● Supplied data
text \<open>At a prime \<open>p\<close> of \<open>b\<close> the factor \<open>Y\<close> has valuation below \<open>m\<close>, so trading it for
  \<open>b ^ m\<close> raises the valuation by at least \<open>v\<^sub>p(b)\<close>.\<close>

lemma power_dvd_mult_power_free_exchange:
  fixes b X Y :: "'a :: factorial_semiring"
  assumes "b \<noteq> 0" "Y \<noteq> 0" "b ^ e dvd X * Y"
    and power_free: "\<And>p. prime p \<Longrightarrow> \<not> p ^ m dvd Y"
  shows "b ^ Suc e dvd X * b ^ m"
proof (cases "X = 0")
  case False
  show ?thesis
  proof (rule multiplicity_le_imp_dvd)
    show "b ^ Suc e \<noteq> 0" using assms(1) by simp
    fix p :: 'a assume p: "prime p"
    define v x y where "v = multiplicity p b" "x = multiplicity p X" "y = multiplicity p Y"
    have "multiplicity p (b ^ e) \<le> multiplicity p (X * Y)"
      using assms(3) False assms(2) by (intro dvd_imp_multiplicity_le) auto
    then have "e * v \<le> x + y"
      using p assms(1,2) False
      by (simp add: v_x_y_def prime_elem_multiplicity_mult_distrib
          prime_elem_multiplicity_power_distrib)
    moreover have "y < m"
      using power_free[OF p] multiplicity_dvd'[of m p Y] by (force simp: v_x_y_def)
    ultimately have "Suc e * v \<le> x + m * v"
    proof (cases v)
      case (Suc w)
      have "w \<le> m * w" using \<open>y < m\<close> by simp
      moreover have "Suc e * v = e * v + w + 1" "m * v = m + m * w" by (simp_all add: Suc)
      ultimately show ?thesis using \<open>e * v \<le> x + y\<close> \<open>y < m\<close> by linarith
    qed simp
    then show "multiplicity p (b ^ Suc e) \<le> multiplicity p (X * b ^ m)"
      using p assms(1) False
      by (simp add: v_x_y_def prime_elem_multiplicity_mult_distrib
          prime_elem_multiplicity_power_distrib)
  qed
qed simp

lemma central_binomial_less_four_power:
  assumes "0 < j"
  shows "(2 * j choose j) < 4 ^ j"
proof -
  have "(\<Sum>i\<in>{0, j}. 2 * j choose i) \<le> (\<Sum>i\<le>2 * j. 2 * j choose i)"
    by (intro sum_mono2) auto
  also have "\<dots> = 4 ^ j"
    by (simp add: choose_row_sum power_mult)
  finally show ?thesis
    using assms by simp
qed

lemma odd_times_central_binomial_less_nine_power:
  assumes "0 < j"
  shows "(2 * j + 1) * (2 * j choose j) < 9 ^ j"
proof (cases "j = 1")
  case False
  with assms have "2 \<le> j" by simp
  have "(2 * j + 1) * (2 * j choose j) < (2 * j + 1) * 4 ^ j"
    using central_binomial_less_four_power[OF assms] by (intro mult_strict_left_mono) auto
  also have "\<dots> \<le> 9 ^ j"
    using \<open>2 \<le> j\<close>
  proof (induction j rule: dec_induct)
    case (step i)
    have "(2 * Suc i + 1) * 4 ^ Suc i \<le> 9 * ((2 * i + 1) * 4 ^ i)"
      using step.hyps by (simp add: algebra_simps)
    also have "\<dots> \<le> 9 ^ Suc i"
      using step.IH by simp
    finally show ?case .
  qed simp
  finally show ?thesis .
qed (simp add: numeral_2_eq_2)

lemma prime_power_not_dvd_central_binomial:
  fixes p :: int
  assumes "0 < j" "prime p"
  shows "\<not> p ^ (2 * j) dvd int (2 * j choose j)"
proof (rule zdvd_not_zless)
  have "int (2 * j choose j) < 4 ^ j"
    using central_binomial_less_four_power[OF assms(1)]
    by (metis of_nat_less_iff of_nat_numeral of_nat_power)
  also have "(4::int) ^ j \<le> (p ^ 2) ^ j"
    using power_mono[OF prime_ge_2_int[OF assms(2)], of 2] by (intro power_mono) auto
  also have "\<dots> = p ^ (2 * j)"
    by (simp add: power_mult)
  finally show "int (2 * j choose j) < p ^ (2 * j)" .
qed simp

lemma prime_power_not_dvd_odd_times_central_binomial:
  fixes p :: int
  assumes "0 < j" "prime p"
  shows "\<not> p ^ (2 * j) dvd int ((2 * j + 1) * (2 * j choose j))"
proof (cases "p = 2")
  case True
  have "coprime (p ^ (2 * j)) (int (2 * j + 1))"
    by (simp add: True)
  then show ?thesis
    using prime_power_not_dvd_central_binomial[OF assms]
    by (simp only: of_nat_mult coprime_dvd_mult_right_iff simp_thms)
next
  case False
  show ?thesis
  proof (rule zdvd_not_zless)
    have "int ((2 * j + 1) * (2 * j choose j)) < 9 ^ j"
      using odd_times_central_binomial_less_nine_power[OF assms(1)]
      by (metis of_nat_less_iff of_nat_numeral of_nat_power)
    also have "(9::int) ^ j \<le> (p ^ 2) ^ j"
      using prime_ge_2_int[OF assms(2)] False power_mono[of 3 p 2] by (intro power_mono) auto
    also have "\<dots> = p ^ (2 * j)"
      by (simp add: power_mult)
    finally show "int ((2 * j + 1) * (2 * j choose j)) < p ^ (2 * j)" .
  qed (simp only: of_nat_0_less_iff, simp)
qed

lemma catalan_times_Suc: "catalan k * int (Suc k) = int (2 * k choose k)"
proof -
  have "coprime (Suc k) (Suc (2 * k))"
    by (metis add_Suc add_Suc_right coprime_Suc_left_nat coprime_mult_left_iff mult.commute mult_2_right)
  moreover have "Suc k dvd Suc (2 * k) * (2 * k choose k)"
    using Suc_times_binomial_eq[of "2 * k" k] by (metis dvd_triv_right)
  ultimately have "Suc k dvd (2 * k choose k)"
    by (metis coprime_dvd_mult_right_iff)
  then have "int (Suc k) dvd int (2 * k choose k)"
    by (simp only: of_nat_dvd_iff)
  then show ?thesis unfolding catalan_def by simp
qed

lemma catalan_nonzero: "catalan k \<noteq> 0"
  using catalan_times_Suc[of k] by auto

lemma of_int_catalan: "real_of_int (catalan k) = fact (2 * k) / (fact k * fact (Suc k))"
proof -
  have "real_of_int (catalan k) * real (Suc k) = real (2 * k choose k)"
    by (metis catalan_times_Suc of_int_mult of_int_of_nat_eq)
  also have "\<dots> = fact (2 * k) / (fact k * fact k)"
    by (simp add: binomial_fact)
  finally show ?thesis
    by (simp add: field_simps del: of_nat_Suc)
qed
(* Let $n$ be a positive integer and let $w_1 \le w_2 \le \dots \le w_m$ be a feasible partition of $n$. Then $w_1 = 1$.
   Context: For a positive integer $n$, call a multiset of positive integers $\{w_1,\dots,w_k\}$ with $w_1+\dots+w_k=n$ a weighing partition of $n$ if every integer $\ell$ with $1\le \ell\le n$ can be written as $\ell=\sum_{j=1}^k u_j w_j$ with each $u_j\in\{-1,0,1\}$; this models weighing $\ell$ kg of goods in one weighing on a two-pan balance, with weights allowed on both pans. Let $m=m(n)$ be the minimum number of parts of a weighing partition of $n$. A feasible partition of $n$ is a weighing partition of $n$ with exactly $m$ parts, written in nondecreasing order $w_1\le w_2\le\dots\le w_m$. *)

theory Defs
  imports Main "HOL-Library.Multiset"
begin

definition signed_representable :: "nat list \<Rightarrow> int \<Rightarrow> bool" where
  "signed_representable ws l \<longleftrightarrow>
     (\<exists>u :: nat \<Rightarrow> int. (\<forall>j < length ws. u j \<in> {-1, 0, 1}) \<and>
        l = (\<Sum>j<length ws. u j * int (ws ! j)))"

definition weighing_partition :: "nat \<Rightarrow> nat multiset \<Rightarrow> bool" where
  "weighing_partition n W \<longleftrightarrow>
     (\<forall>w \<in># W. w > 0) \<and> sum_mset W = n \<and>
     (\<forall>l::nat. 1 \<le> l \<and> l \<le> n \<longrightarrow> signed_representable (sorted_list_of_multiset W) (int l))"

definition min_parts :: "nat \<Rightarrow> nat" where
  "min_parts n = (LEAST k. \<exists>W. weighing_partition n W \<and> size W = k)"

definition feasible_partition :: "nat \<Rightarrow> nat multiset \<Rightarrow> bool" where
  "feasible_partition n W \<longleftrightarrow> weighing_partition n W \<and> size W = min_parts n"

end

theory Submission
  imports Defs
begin

text \<open>Subtracting a signed representation of n - 1 from the sum n of all parts
  writes 1 as a sum of terms (1 - u j) * w j with nonnegative integer
  coefficients, so a single term equals 1 and its part is 1.\<close>

lemma signed_representable_0: "signed_representable ws 0"
  unfolding signed_representable_def by (intro exI[of _ "\<lambda>_. 0"]) simp

lemma one_mem_if_signed_representable_sum_minus_one:
  assumes rep: "signed_representable ws (int (sum_list ws) - 1)"
  shows "1 \<in> set ws"
proof -
  obtain u where u: "\<forall>j<length ws. u j \<in> {-1, 0, 1}"
    and eq: "int (sum_list ws) - 1 = (\<Sum>j<length ws. u j * int (ws ! j))"
    using rep unfolding signed_representable_def by blast
  define t where "t j = (1 - u j) * int (ws ! j)" for j
  have "int (sum_list ws) = (\<Sum>j<length ws. int (ws ! j))"
    by (simp add: sum_list_sum_nth atLeast0LessThan flip: of_nat_sum)
  with eq have sum_t: "(\<Sum>j<length ws. t j) = 1"
    by (simp add: t_def sum_subtractf left_diff_distrib)
  have t_nonneg: "t j \<ge> 0" if "j < length ws" for j
    using u that by (auto simp: t_def)
  obtain j where j: "j < length ws" and "t j \<noteq> 0"
    using sum_t by (metis (mono_tags, lifting) lessThan_iff sum.neutral zero_neq_one)
  with t_nonneg have "t j > 0" by force
  moreover have "t j \<le> 1"
    using sum_t member_le_sum[of j "{..<length ws}" t] j t_nonneg by simp
  ultimately have "(1 - u j) * int (ws ! j) = 1" by (simp add: t_def)
  then have "ws ! j = 1"
    using u j by auto
  with j show ?thesis by (metis nth_mem)
qed

lemma weighing_partition_one_mem:
  assumes "weighing_partition n W" and "n > 0"
  shows "1 \<in># W"
proof -
  let ?ws = "sorted_list_of_multiset W"
  have sum: "sum_list ?ws = n"
    and rep: "\<And>l. 1 \<le> l \<Longrightarrow> l \<le> n \<Longrightarrow> signed_representable ?ws (int l)"
    using assms(1) unfolding weighing_partition_def
    by (auto simp flip: sum_mset_sum_list)
  have "signed_representable ?ws (int n - 1)"
  proof (cases "n = 1")
    case True
    then show ?thesis using signed_representable_0 by simp
  next
    case False
    with assms(2) rep[of "n - 1"] show ?thesis by (simp add: of_nat_diff)
  qed
  with sum have "1 \<in> set ?ws"
    using one_mem_if_signed_representable_sum_minus_one by blast
  then show ?thesis by simp
qed

lemma sorted_nth_0_eq_one:
  assumes "sorted ws" and "1 \<in> set ws" and "\<forall>w\<in>set ws. w > 0"
  shows "ws ! 0 = (1::nat)"
proof -
  obtain i where i: "i < length ws" "ws ! i = 1"
    using assms(2) by (meson in_set_conv_nth)
  have "ws ! 0 \<in> set ws" using i(1) by (intro nth_mem) linarith
  with assms(3) have "ws ! 0 > 0" by blast
  moreover have "ws ! 0 \<le> ws ! i" using assms(1) i(1) by (intro sorted_nth_mono) auto
  ultimately show ?thesis using i(2) by simp
qed

theorem theorem1:
  fixes n :: nat and ws :: "nat list"
  assumes "n > 0"
    and "sorted ws"
    and "feasible_partition n (mset ws)"
  shows "ws ! 0 = 1"
proof -
  have wp: "weighing_partition n (mset ws)"
    using assms(3) unfolding feasible_partition_def by blast
  then have "1 \<in> set ws"
    using weighing_partition_one_mem assms(1) by fastforce
  moreover have "\<forall>w\<in>set ws. w > 0"
    using wp unfolding weighing_partition_def by simp
  ultimately show ?thesis using sorted_nth_0_eq_one assms(2) by blast
qed

end
lemma increment_balance:
  assumes "2 \<le> i" "i \<le> m - 1"
  shows "p l * (if i = 2 then A else 1) * increment (i - 1)
    = p h * (if i = m - 1 then B else 1) * increment i"
proof -
  obtain k where k: "i = k + 2"
    using assms(1) le_Suc_ex by (metis add.commute)
  have "i - 1 \<noteq> m - 1"
    using assms by auto
  moreover have "p l * (p l / p h) ^ k = p h * (p l / p h) ^ (k + 1)"
    using p_h_pos by simp
  ultimately show ?thesis
    using B_pos unfolding increment_def k by (cases k) (auto simp: field_simps)
qed

lemma harmonic_w: "harmonic w"
  unfolding harmonic_def
proof
  fix i assume "i \<in> {1..m}"
  then consider "i = 1 \<or> i = m" | "2 \<le> i" "i \<le> m - 1"
    by fastforce
  then show "(\<Sum>j\<in>{1..m}. kernel i j * w j) = w i"
  proof cases
    case 2
    then have "w i - w (i - 1) = increment (i - 1)" "w (i + 1) - w i = increment i"
      using w_Suc[of "i - 1"] w_Suc[of i] by simp_all
    then show ?thesis
      using increment_balance[OF 2] unfolding kernel_expectation_interior[OF 2] by simp
  qed (rule kernel_expectation_absorbing)
qed

lemma increment_1: "increment 1 = 1"
proof -
  have "1 \<noteq> m - 1"
    using m_ge_3 by linarith
  then show ?thesis
    by (simp add: increment_def)
qed

lemma w_1: "w 1 = 0"
  by (simp add: w_def)

lemma w_2: "w 2 = 1"
  using w_Suc[of 1] w_1 increment_1 by (simp add: numeral_2_eq_2)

● What you are asked to do
All lines from the opening of the records through the line where "fixes b X Y" occurs are to be output verbatim. No other line belongs in the answer.

● Exercise response
text \<open>At a prime \<open>p\<close> of \<open>b\<close> the factor \<open>Y\<close> has valuation below \<open>m\<close>, so trading it for
  \<open>b ^ m\<close> raises the valuation by at least \<open>v\<^sub>p(b)\<close>.\<close>

lemma power_dvd_mult_power_free_exchange:
  fixes b X Y :: "'a :: factorial_semiring"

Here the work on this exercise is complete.